■ Aim of the task
When the line with "using assms unfolding" appears below, start repeating lines exactly, and keep going through the line with "by (induction t"; add nothing outside that span.

■ Given entries
lemma norm_matrix_eq_norm_column_norms:
  fixes M :: "real^'n^'m"
  shows "norm M = norm (\<chi> j. norm (column j M))"
proof -
  have "norm M = sqrt (\<Sum>i\<in>UNIV. \<Sum>j\<in>UNIV. (M $ i $ j)\<^sup>2)"
    by (simp add: norm_vec_def L2_set_def sum_nonneg)
  also have "\<dots> = sqrt (\<Sum>j\<in>UNIV. \<Sum>i\<in>UNIV. (M $ i $ j)\<^sup>2)"
    by (subst sum.swap) (rule refl)
  also have "\<dots> = norm (\<chi> j. norm (column j M))"
    by (simp add: norm_vec_def L2_set_def column_def sum_nonneg)
  finally show ?thesis .
qed

lemma geod_through:
  fixes D1 D2 :: "real^'p^'m"
  assumes "CARD('m) \<ge> 2" "D1 \<in> dict_set" "D2 \<in> dict_set"
  obtains W \<theta> where "W \<in> W_set D1" "\<And>j. 0 \<le> \<theta> $ j \<and> \<theta> $ j \<le> pi" "D2 = geod D1 W \<theta> 1"
proof -
  have "\<exists>w \<theta>. norm w = 1 \<and> w \<bullet> column j D1 = 0 \<and> 0 \<le> \<theta> \<and> \<theta> \<le> pi
      \<and> column j D2 = cos \<theta> *\<^sub>R column j D1 + sin \<theta> *\<^sub>R w" for j
    using great_circle_through[of "column j D1" "column j D2"] assms
    by (metis dict_set_iff_columns DIM_cart DIM_real mult_1_right)
  then obtain w \<theta> where circle: "\<And>j. norm (w j) = 1" "\<And>j. w j \<bullet> column j D1 = 0"
      "\<And>j. 0 \<le> \<theta> j \<and> \<theta> j \<le> pi"
      "\<And>j. column j D2 = cos (\<theta> j) *\<^sub>R column j D1 + sin (\<theta> j) *\<^sub>R w j"
    by metis
  show thesis
  proof (rule that[of "of_columns w" "\<chi> j. \<theta> j"])
    show "of_columns w \<in> W_set D1" using circle by (simp add: W_set_iff_columns)
  qed (simp_all add: circle matrix_eq_iff_columns column_geod)
qed

lemma geod_reverse:
  fixes D W :: "real^'p^'m"
  assumes "D \<in> dict_set" "W \<in> W_set D"
  obtains W' where "W' \<in> W_set (geod D W v t)" "D = geod (geod D W v t) W' v t"
proof -
  define W' where
    "W' = of_columns (\<lambda>j. sin (v $ j * t) *\<^sub>R column j D - cos (v $ j * t) *\<^sub>R column j W)"
  have unit: "norm (column j D) = 1" "norm (column j W) = 1" "column j W \<bullet> column j D = 0" for j
    using assms by (simp_all add: dict_set_iff_columns W_set_iff_columns)
  have reverse: "norm (column j W') = 1" "column j W' \<bullet> column j (geod D W v t) = 0"
    "column j D = cos (v $ j * t) *\<^sub>R column j (geod D W v t) + sin (v $ j * t) *\<^sub>R column j W'"
    for j
    unfolding W'_def column_of_columns column_geod
    using great_circle_reverse[OF unit(1-3)[of j], where \<theta> = "v $ j * t"] by blast+
  show thesis
  proof (rule that[of W'])
    show "W' \<in> W_set (geod D W v t)"
      unfolding W_set_iff_columns using reverse(1,2) by blast
    show "D = geod (geod D W v t) W' v t"
      unfolding matrix_eq_iff_columns column_geod[of _ "geod D W v t"] using reverse(3) by blast
  qed
qed
lemma offspring_mean_le:
  "(\<And>T. f T \<le> c) \<Longrightarrow> 0 \<le> c \<Longrightarrow> offspring_mean N GA GB f S u \<le> c"
  unfolding offspring_mean_def Let_def by (rule sum_divide_card_le)

lemma offspring_mean_unaffected:
  assumes "u \<notin> S" "\<forall>v \<in> nbrs N GB u. v \<notin> S" "0 \<le> f S"
  shows "offspring_mean N GA GB f S u \<le> f S"
  using assms unfolding offspring_mean_def Let_def update_def by (auto intro: sum_divide_card_le)

lemma fixby_nonneg: "0 \<le> fixby N GA GB t S"
  by (induction t arbitrary: S) (auto simp: Let_def intro!: sum_nonneg)

lemma fixby_mono: "S \<subseteq> {..<N} \<Longrightarrow> fixby N GA GB t S \<le> fixby N GA GB (Suc t) S"
proof (induction t arbitrary: S)
  case 0
  show ?case
  proof (cases "S = {..<N}")
    case False
    then have "fixby N GA GB 0 S = 0" by simp
    then show ?thesis using fixby_nonneg[of N GA GB "Suc 0" S] by linarith
  qed simp
next
  case (Suc t)
  show ?case
  proof (cases "S = {} \<or> S = {..<N}")
    case False
    then have "S \<noteq> {}" "S \<noteq> {..<N}" by auto
    then show ?thesis
      unfolding fixby_Suc_nonabsorbing[OF \<open>S \<noteq> {}\<close> \<open>S \<noteq> {..<N}\<close>]
      using Suc by (intro divide_right_mono sum_mono offspring_mean_mono) auto
  qed (use Suc in auto)
qed

lemma fixby_le_superharmonic:
  assumes nonneg: "\<And>S. S \<subseteq> {..<N} \<Longrightarrow> 0 \<le> phi S"
    and absorbing: "1 \<le> phi {..<N}"
    and superharmonic: "\<And>S. S \<subseteq> {..<N} \<Longrightarrow> S \<noteq> {} \<Longrightarrow> S \<noteq> {..<N} \<Longrightarrow>
          (\<Sum>u<N. offspring_mean N GA GB phi S u) \<le> real N * phi S"
  shows "S \<subseteq> {..<N} \<Longrightarrow> fixby N GA GB t S \<le> phi S"
proof (induction t arbitrary: S)
  case 0
  then show ?case using nonneg absorbing by simp
next
  case (Suc t)
  show ?case
  proof (cases "S = {} \<or> S = {..<N}")
    case False
    then have "0 < N" using Suc.prems by (intro Nat.gr0I) auto
    have "fixby N GA GB (Suc t) S = (\<Sum>u<N. offspring_mean N GA GB (fixby N GA GB t) S u) / real N"
      using False by (intro fixby_Suc_nonabsorbing) auto
    also have "\<dots> \<le> (\<Sum>u<N. offspring_mean N GA GB phi S u) / real N"
      using Suc by (intro divide_right_mono sum_mono offspring_mean_mono) auto
    also have "\<dots> \<le> phi S"
      using superharmonic[OF Suc.prems] False \<open>0 < N\<close> by (simp add: divide_le_eq mult.commute)
    finally show ?thesis .
  qed (use Suc in auto)
qed

lemma fixprob_le:
  assumes "S \<subseteq> {..<N}" "\<And>t. fixby N GA GB t S \<le> c"
  shows "fixprob N GA GB S \<le> c"
proof -
  have "incseq (\<lambda>t. fixby N GA GB t S)"
    using assms(1) by (intro incseq_SucI fixby_mono)
  then obtain L where "(\<lambda>t. fixby N GA GB t S) \<longlonglongrightarrow> L"
    using incseq_convergent assms(2) by blast
  then show ?thesis
    unfolding fixprob_def using assms(2) by (simp add: limI LIMSEQ_le_const2)
qed

lemma rho_le:
  assumes "0 < N" "\<And>i. i < N \<Longrightarrow> fixprob N GA GB {i} \<le> c"
  shows "rho N GA GB \<le> c"
proof -
  have "(\<Sum>i<N. fixprob N GA GB {i}) \<le> real N * c"
    using sum_bounded_above[of "{..<N}" "\<lambda>i. fixprob N GA GB {i}" c] assms(2) by simp
  then show ?thesis
    unfolding rho_def using assms(1) by (simp add: divide_le_eq mult.commute)
qed
(* Let $m\ge1$, $y\in\mathbb{R}^{2m+1}_+$ with $c:=\sqrt{\sum_{i=0}^{2m}y_i}>0$, and let $(x^t)_{t\ge0}$ be generated by $x^{t+1}=I(x^t)$, where $$I(x)_j=x_j\,\frac1c\sum_{\ell=0}^m\frac{x_\ell\,y_{\ell+j}}{(x*x)_{\ell+j}},\qquad j=0,\dots,m,$$ from an initial $x^0\in\mathbb{R}^{m+1}_+$. If $x^\infty$ is a limit point of the sequence $(x^t)$, then $x^\infty=I(x^\infty)$.
   Context: For $x\in\mathbb{R}^{m+1}$ set $x_k=0$ for $k<0$, $k>m$, and $(x*x)_i=\sum_{j=0}^i x_{i-j}x_j$ for $i=0,\dots,2m$. The iteration is assumed well-defined (denominators positive, e.g. $x^0>0$). *)

theory Defs
  imports Complex_Main
begin

text \<open>Vectors x in R^(m+1) are represented as functions nat => real; only the
  entries 0..m are relevant.  zext m x k is x_k for k <= m and 0 otherwise.\<close>
definition zext :: "nat \<Rightarrow> (nat \<Rightarrow> real) \<Rightarrow> nat \<Rightarrow> real" where
  "zext m x k = (if k \<le> m then x k else 0)"

definition selfconv :: "nat \<Rightarrow> (nat \<Rightarrow> real) \<Rightarrow> nat \<Rightarrow> real" where
  "selfconv m x i = (\<Sum>j = 0..i. zext m x (i - j) * zext m x j)"

definition Imap :: "nat \<Rightarrow> (nat \<Rightarrow> real) \<Rightarrow> (nat \<Rightarrow> real) \<Rightarrow> nat \<Rightarrow> real" where
  "Imap m y x j =
     (if j \<le> m then
        x j * (1 / sqrt (\<Sum>i = 0..2*m. y i)) *
          (\<Sum>l = 0..m. x l * y (l + j) / selfconv m x (l + j))
      else 0)"

fun iter :: "nat \<Rightarrow> (nat \<Rightarrow> real) \<Rightarrow> (nat \<Rightarrow> real) \<Rightarrow> nat \<Rightarrow> nat \<Rightarrow> real" where
  "iter m y x0 0 = x0"
| "iter m y x0 (Suc t) = Imap m y (iter m y x0 t)"

end
(* Let $f(z)=z+\sum_{n=2}^{\infty}a_nz^n$ belong to $\mathcal{S}^*_{ch}$, and let $\Gamma_1,\Gamma_2$ be the first two logarithmic inverse coefficients of $f$, i.e. $$\Gamma_1=-\tfrac12 a_2,\qquad \Gamma_2=-\tfrac12\Big(a_3-\tfrac32 a_2^2\Big).$$ Then $|\Gamma_1|\le\frac12$ and $|\Gamma_2|\le\frac38$. Both inequalities are sharp, with equality for $f_1(z)=z\exp\left(\int_0^z\frac{t+\cosh t-1}{t}\,dt\right)$, which belongs to $\mathcal{S}^*_{ch}$.
   Context: $\mathbb{D}=\{z\in\mathbb{C}:|z|<1\}$. $\mathcal{A}$ is the class of analytic $f$ on $\mathbb{D}$ with $f(0)=0$, $f'(0)=1$. For analytic $g,h$ on $\mathbb{D}$, $g\prec h$ means there is an analytic $\omega$ on $\mathbb{D}$ with $\omega(0)=0$, $|\omega(z)|<1$, and $g=h\circ\omega$. $\mathcal{S}^*_{ch}$ is the class of $f\in\mathcal{A}$ with $\frac{zf'(z)}{f(z)}\prec z+\cosh z$ on $\mathbb{D}$. For such $f$ with inverse $F=f^{-1}$ defined near $0$, the logarithmic inverse coefficients $\Gamma_n$ are defined by $\log\frac{f^{-1}(w)}{w}=2\sum_{n\ge1}\Gamma_nw^n$ for $w$ near $0$; the displayed formulas for $\Gamma_1,\Gamma_2$ in terms of $a_2,a_3$ follow from this definition. *)

theory Defs
  imports "HOL-Complex_Analysis.Complex_Analysis"
begin

definition subordinate :: "(complex \<Rightarrow> complex) \<Rightarrow> (complex \<Rightarrow> complex) \<Rightarrow> bool" where
  "subordinate g h \<longleftrightarrow>
     g holomorphic_on ball 0 1 \<and> h holomorphic_on ball 0 1 \<and>
     (\<exists>\<omega>. \<omega> holomorphic_on ball 0 1 \<and> \<omega> 0 = 0 \<and>
          (\<forall>z\<in>ball 0 1. norm (\<omega> z) < 1 \<and> g z = h (\<omega> z)))"

definition classA :: "(complex \<Rightarrow> complex) \<Rightarrow> bool" where
  "classA f \<longleftrightarrow> f holomorphic_on ball 0 1 \<and> f 0 = 0 \<and> deriv f 0 = 1"

definition logderiv_quot :: "(complex \<Rightarrow> complex) \<Rightarrow> complex \<Rightarrow> complex" where
  "logderiv_quot f z = (if z = 0 then 1 else z * deriv f z / f z)"

text \<open>The class S*_ch: z f'/f subordinate to z + cosh z (f nonvanishing off 0, so
  that the quotient is defined).\<close>
definition Sch :: "(complex \<Rightarrow> complex) \<Rightarrow> bool" where
  "Sch f \<longleftrightarrow> classA f \<and> (\<forall>z\<in>ball 0 1. z \<noteq> 0 \<longrightarrow> f z \<noteq> 0) \<and>
     subordinate (logderiv_quot f) (\<lambda>z. z + cosh z)"

definition coeff :: "(complex \<Rightarrow> complex) \<Rightarrow> nat \<Rightarrow> complex" where
  "coeff f n = (deriv ^^ n) f 0 / of_nat (fact n)"

definition Gamma1 :: "(complex \<Rightarrow> complex) \<Rightarrow> complex" where
  "Gamma1 f = - (1/2) * coeff f 2"

definition Gamma2 :: "(complex \<Rightarrow> complex) \<Rightarrow> complex" where
  "Gamma2 f = - (1/2) * (coeff f 3 - (3/2) * (coeff f 2)^2)"

definition f1_integrand :: "complex \<Rightarrow> complex" where
  "f1_integrand t = (if t = 0 then 1 else (t + cosh t - 1) / t)"

definition f1 :: "complex \<Rightarrow> complex" where
  "f1 z = z * exp (contour_integral (linepath 0 z) f1_integrand)"

end

theory Submission
  imports Defs "HOL-Complex_Analysis.Riemann_Mapping"
begin

(* Write z f'(z) / f(z) = phi (omega z) with phi w = w + cosh w and omega a Schwarz function.
   Comparing Taylor coefficients of z f' = f (phi o omega) up to z^3 gives a_2 = c and
   a_3 = 3 c^2 / 4 + omega''(0) / 4 with c = omega'(0), so Gamma_1 = - c / 2 and
   Gamma_2 = (3 c^2 - omega''(0)) / 8.  Schwarz's lemma gives |c| <= 1, and the Schwarz-Pick
   inequality for omega(z)/z gives |omega''(0)| <= 2 (1 - |c|^2); hence
   |Gamma_2| <= 3 |c|^2 / 8 + (1 - |c|^2) / 4 <= 3/8.  Equality holds for omega z = z, whose
   solution is f1. *)

lemma holomorphic_on_cosh' [holomorphic_intros]:
  "f holomorphic_on A \<Longrightarrow> (\<lambda>x. cosh (f x :: complex)) holomorphic_on A"
  unfolding cosh_def by (intro holomorphic_intros)

lemma funpow_deriv_deriv: "(deriv ^^ k) (deriv f) = (deriv ^^ Suc k) f"
  by (simp add: funpow_Suc_right del: funpow.simps)
theorem proposition1:
  fixes M :: "'w measure" and J :: "'w \<Rightarrow> real \<Rightarrow> 'e::metric_space"
    and lam kap mu :: "'e \<Rightarrow> real" and t :: real
  assumes "prob_space M"
    and "continuous_on UNIV lam" and "continuous_on UNIV kap" and "continuous_on UNIV mu"
    and "\<And>x. lam x \<ge> 0" and "\<And>x. kap x \<ge> 0" and "\<And>x. mu x \<ge> 0"
    and "t \<ge> 0"
    and "cadlag_process M J"
  defines "R \<equiv> attainable M lam kap mu t (\<lambda>n. J)"
  defines "I \<equiv> rate R"
  shows "(\<forall>a. I a = 0 \<longleftrightarrow> a \<in> R) \<and>
    (\<forall>a. I a > 0 \<longrightarrow>
      (let P1 = (a < Inf R \<and> (\<forall>b \<le> Inf R. I b = ell (Inf R) b));
           P2 = (bdd_above R \<and> a > Sup R \<and> (\<forall>b \<ge> Sup R. I b = ell (Sup R) b));
           P3 = (\<not> (a < Inf R) \<and> \<not> (bdd_above R \<and> a > Sup R) \<and>
                 (let cm = Sup (R \<inter> {..<a}); cp = Inf (R \<inter> {a<..})
                  in \<forall>b \<in> {cm..cp}. I b = min (ell cm b) (ell cp b)))
       in (P1 \<and> \<not> P2 \<and> \<not> P3) \<or> (\<not> P1 \<and> P2 \<and> \<not> P3) \<or> (\<not> P1 \<and> \<not> P2 \<and> P3)))"
proof -
  interpret prob_space M by fact
  define X where "X \<omega> = phi lam kap mu t (J \<omega>)" for \<omega>
  have X_meas: "X \<in> borel_measurable M"
    unfolding X_def using assms(2-5,7,9) by (rule phi_cadlag_process_measurable)
  have R_eq: "R = rv_support M X \<inter> {0..}"
    unfolding R_def X_def by (rule attainable_const)
  have "0 \<le> X \<omega>" for \<omega>
    unfolding X_def using assms(5) by (rule phi_nonneg)
  then have "\<exists>c\<ge>0. c \<in> rv_support M X"
    using rv_support_bounded_below_nonempty[OF X_meas] by blast
  then have "R \<noteq> {}" using R_eq by auto
  moreover have "closed R" using closed_rv_support[OF X_meas] R_eq by (simp add: closed_Int)
  moreover have "R \<subseteq> {0..}" using R_eq by auto
  ultimately show ?thesis
    unfolding I_def by (intro conjI allI impI rate_eq_0_iff rate_trichotomy)
qed
(* Let $\underline x=(x_1,\dots,x_n)$ be a labeled configuration of $n\ge2$ particles at distinct sites of $\Lambda_N$, let $t>s>0$, and let $f:\Lambda_N^n\to\mathbb{R}$ be antisymmetric under exchange of its first two arguments $y_1,y_2$. Then $$\mathbf{E}_{\epsilon,\underline x}\big[\mathbf 1_{\tau_{x_1,x_2}\le s}\,f(\underline x(t))\big]=0.$$
   Context: $\Lambda_N=[-N,N]\cap\mathbb Z$, $\epsilon=1/N$. Active/passive marks process: for each pair $\{x,x+1\}$, $x\in\mathbb Z$, an independent Poisson process of intensity $\epsilon^{-2}$ (its events are "marks"), and each mark is independently declared "active" or "passive" with probability $1/2$ each; law $\mathbf P_\epsilon$, expectation $\mathbf E_\epsilon$. Labeled stirring particles in $\Lambda_N$ evolve as follows: when an active mark appears at a pair $\{x,y\}$ with both $x,y\in\Lambda_N$, the contents of $x$ and $y$ are exchanged (a particle at $x$ moves to $y$ and a particle at $y$, if any, moves to $x$); passive marks and marks at pairs not contained in $\Lambda_N$ have no effect. Labels stay attached to particles; $\underline x(t)=(x_1(t),\dots,x_n(t))$ is the labeled configuration at time $t$ and $\mathbf E_{\epsilon,\underline x}$ denotes expectation when $\underline x(0)=\underline x$. $\tau_{x_1,x_2}$ is the first time $s\ge0$ such that $|x_1(s)-x_2(s)|=1$ and a mark (active or passive) appears at time $s$ at the pair $\{x_1(s),x_2(s)\}$ ($\tau_{x_1,x_2}=\infty$ if no such time). *)

theory Defs
  imports "HOL-Probability.Probability"
begin

text \<open>A sample point \<omega> :: int => nat => real * bool describes, for each pair {x,x+1}
(indexed by x :: int), the sequence of its marks: fst (\<omega> x k) is the k-th inter-arrival
time (exponential with rate eps^-2 = N^2), snd (\<omega> x k) says whether the k-th mark is
active (True) or passive (False), with probability 1/2 each.\<close>

definition mark_law :: "nat \<Rightarrow> (real \<times> bool) measure" where
  "mark_law N = density lborel (exponential_density ((real N)\<^sup>2))
                 \<Otimes>\<^sub>M measure_pmf (bernoulli_pmf (1/2))"

definition marks_measure :: "nat \<Rightarrow> (int \<Rightarrow> nat \<Rightarrow> real \<times> bool) measure" where
  "marks_measure N = PiM UNIV (\<lambda>x::int. PiM UNIV (\<lambda>k::nat. mark_law N))"

definition mark_time :: "(int \<Rightarrow> nat \<Rightarrow> real \<times> bool) \<Rightarrow> int \<Rightarrow> nat \<Rightarrow> real" where
  "mark_time \<omega> x k = (\<Sum>j\<le>k. fst (\<omega> x j))"

definition mark_active :: "(int \<Rightarrow> nat \<Rightarrow> real \<times> bool) \<Rightarrow> int \<Rightarrow> nat \<Rightarrow> bool" where
  "mark_active \<omega> x k = snd (\<omega> x k)"

definition Lambda :: "nat \<Rightarrow> int set" where
  "Lambda N = {- int N .. int N}"

text \<open>The effective
marks up to time r are processed in increasing order of their times; active marks at exactly
the same time (a null event) are processed in increasing order of the pair index.\<close>
definition effective_times :: "nat \<Rightarrow> (int \<Rightarrow> nat \<Rightarrow> real \<times> bool) \<Rightarrow> real \<Rightarrow> real set" where
  "effective_times N \<omega> r =
     {mark_time \<omega> x k | x k. - int N \<le> x \<and> x + 1 \<le> int N \<and> mark_time \<omega> x k \<le> r}"

definition active_pairs_at :: "nat \<Rightarrow> (int \<Rightarrow> nat \<Rightarrow> real \<times> bool) \<Rightarrow> real \<Rightarrow> int set" where
  "active_pairs_at N \<omega> u =
     {x. - int N \<le> x \<and> x + 1 \<le> int N \<and> (\<exists>k. mark_time \<omega> x k = u \<and> mark_active \<omega> x k)}"

definition swap_site :: "int \<Rightarrow> int \<Rightarrow> int" where
  "swap_site x p = (if p = x then x + 1 else if p = x + 1 then x else p)"

definition step_at :: "nat \<Rightarrow> (int \<Rightarrow> nat \<Rightarrow> real \<times> bool) \<Rightarrow> real \<Rightarrow> int list \<Rightarrow> int list" where
  "step_at N \<omega> u ys =
     fold (\<lambda>x zs. map (swap_site x) zs) (sorted_list_of_set (active_pairs_at N \<omega> u)) ys"

text \<open>Labeled configuration x(r) at time r (right-continuous), started from the labeled
configuration xs (xs ! i = position of particle i+1).\<close>
definition config :: "nat \<Rightarrow> (int \<Rightarrow> nat \<Rightarrow> real \<times> bool) \<Rightarrow> int list \<Rightarrow> real \<Rightarrow> int list" where
  "config N \<omega> xs r = fold (step_at N \<omega>) (sorted_list_of_set (effective_times N \<omega> r)) xs"

definition tau12 :: "nat \<Rightarrow> (int \<Rightarrow> nat \<Rightarrow> real \<times> bool) \<Rightarrow> int list \<Rightarrow> ereal" where
  "tau12 N \<omega> xs = Inf (ereal ` {r. 0 \<le> r \<and>
      (let c = config N \<omega> xs r in
        \<bar>c ! 0 - c ! 1\<bar> = 1 \<and>
        (\<exists>x k. mark_time \<omega> x k = r \<and> {x, x + 1} = {c ! 0, c ! 1}))})"

end

theory Submission
  imports Defs
begin

text \<open>Up to time \<open>t\<close> only finitely many marks of pairs inside \<open>\<Lambda>\<^sub>N\<close> matter, and almost
  surely they occur at distinct positive times. Listing them chronologically, together with their
  activity and with whether they occur by time \<open>s\<close>, gives a finite word from which both the event
  \<open>\<tau> \<le> s\<close> and the configuration \<open>x(t)\<close> can be read off. On \<open>\<tau> \<le> s\<close>, toggle the activity of the
  mark at time \<open>\<tau>\<close>: its swap maps the pair of that mark onto itself, so \<open>\<tau>\<close> is unchanged, but
  particles 1 and 2 (the only particles on that pair) are exchanged from time \<open>\<tau>\<close> on, so the first
  two entries of \<open>x(t)\<close> are exchanged. Toggling the activity of a fixed mark preserves the law of
  the marks, so the law of the word is invariant under this involution, while the integrand
  changes sign by the antisymmetry of \<open>f\<close>.\<close>

context linorder
begin

lemma sorted_key_list_of_set_eq_iff:
  assumes "inj_on f A" "finite A"
  shows "sorted_key_list_of_set f A = l \<longleftrightarrow> set l = A \<and> sorted_wrt (<) (map f l)"
proof -
  interpret folding_insort_key "(\<le>)" "(<)" A f by unfold_locales (fact assms(1))
  have "length l = card A" if "set l = A" "sorted_wrt (<) (map f l)"
    using that by (metis distinct_card distinct_map strict_sorted_iff)
  then show ?thesis using sorted_key_list_of_set_unique[OF subset_refl assms(2)] by blast
qed

end

lemma filter_le_nth_eq_take:
  fixes f :: "'a \<Rightarrow> 'b::linorder"
  assumes "sorted_wrt (<) (map f S)" and "i < length S"
  shows "filter (\<lambda>p. f p \<le> f (S ! i)) S = take (Suc i) S"
  using assms
proof (induction S arbitrary: i)
  case (Cons a S)
  then have a: "\<forall>q\<in>set S. f a < f q" and S: "sorted_wrt (<) (map f S)" by auto
  show ?case
  proof (cases i)
    case 0
    have "filter (\<lambda>p. f p \<le> f a) S = []" using a by (simp add: filter_empty_conv not_le)
    with 0 show ?thesis by simp
  next
    case (Suc j)
    then have "f a < f (S ! j)" using a Cons.prems(2) by simp
    then show ?thesis using Cons.IH[OF S] Cons.prems(2) Suc by simp
  qed
qed simp

lemma length_ge_2E:
  assumes "length ys \<ge> 2"
  obtains u v zs where "ys = u # v # zs"
  using assms by (cases ys; cases "tl ys") auto

section \<open>Product probability spaces\<close>

lemma measurable_PiM_fun_upd_self:
  fixes M :: "'i \<Rightarrow> 'a measure"
  assumes h: "h \<in> measurable (M a) (M a)"
  shows "(\<lambda>w. w(a := h (w a))) \<in> measurable (PiM UNIV M) (PiM UNIV M)"
proof (rule measurable_fun_upd[where J=UNIV])
  have "(\<lambda>w. w a) \<in> measurable (PiM UNIV M) (M a)"
    by (rule measurable_component_singleton) auto
  then show "(\<lambda>w. h (w a)) \<in> measurable (PiM UNIV M) (M a)"
    using h by (rule measurable_compose)
qed auto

■ Solution for this task
  using assms unfolding offspring_mean_def Let_def update_def by (auto intro: sum_divide_card_le)

lemma fixby_nonneg: "0 \<le> fixby N GA GB t S"
  by (induction t arbitrary: S) (auto simp: Let_def intro!: sum_nonneg)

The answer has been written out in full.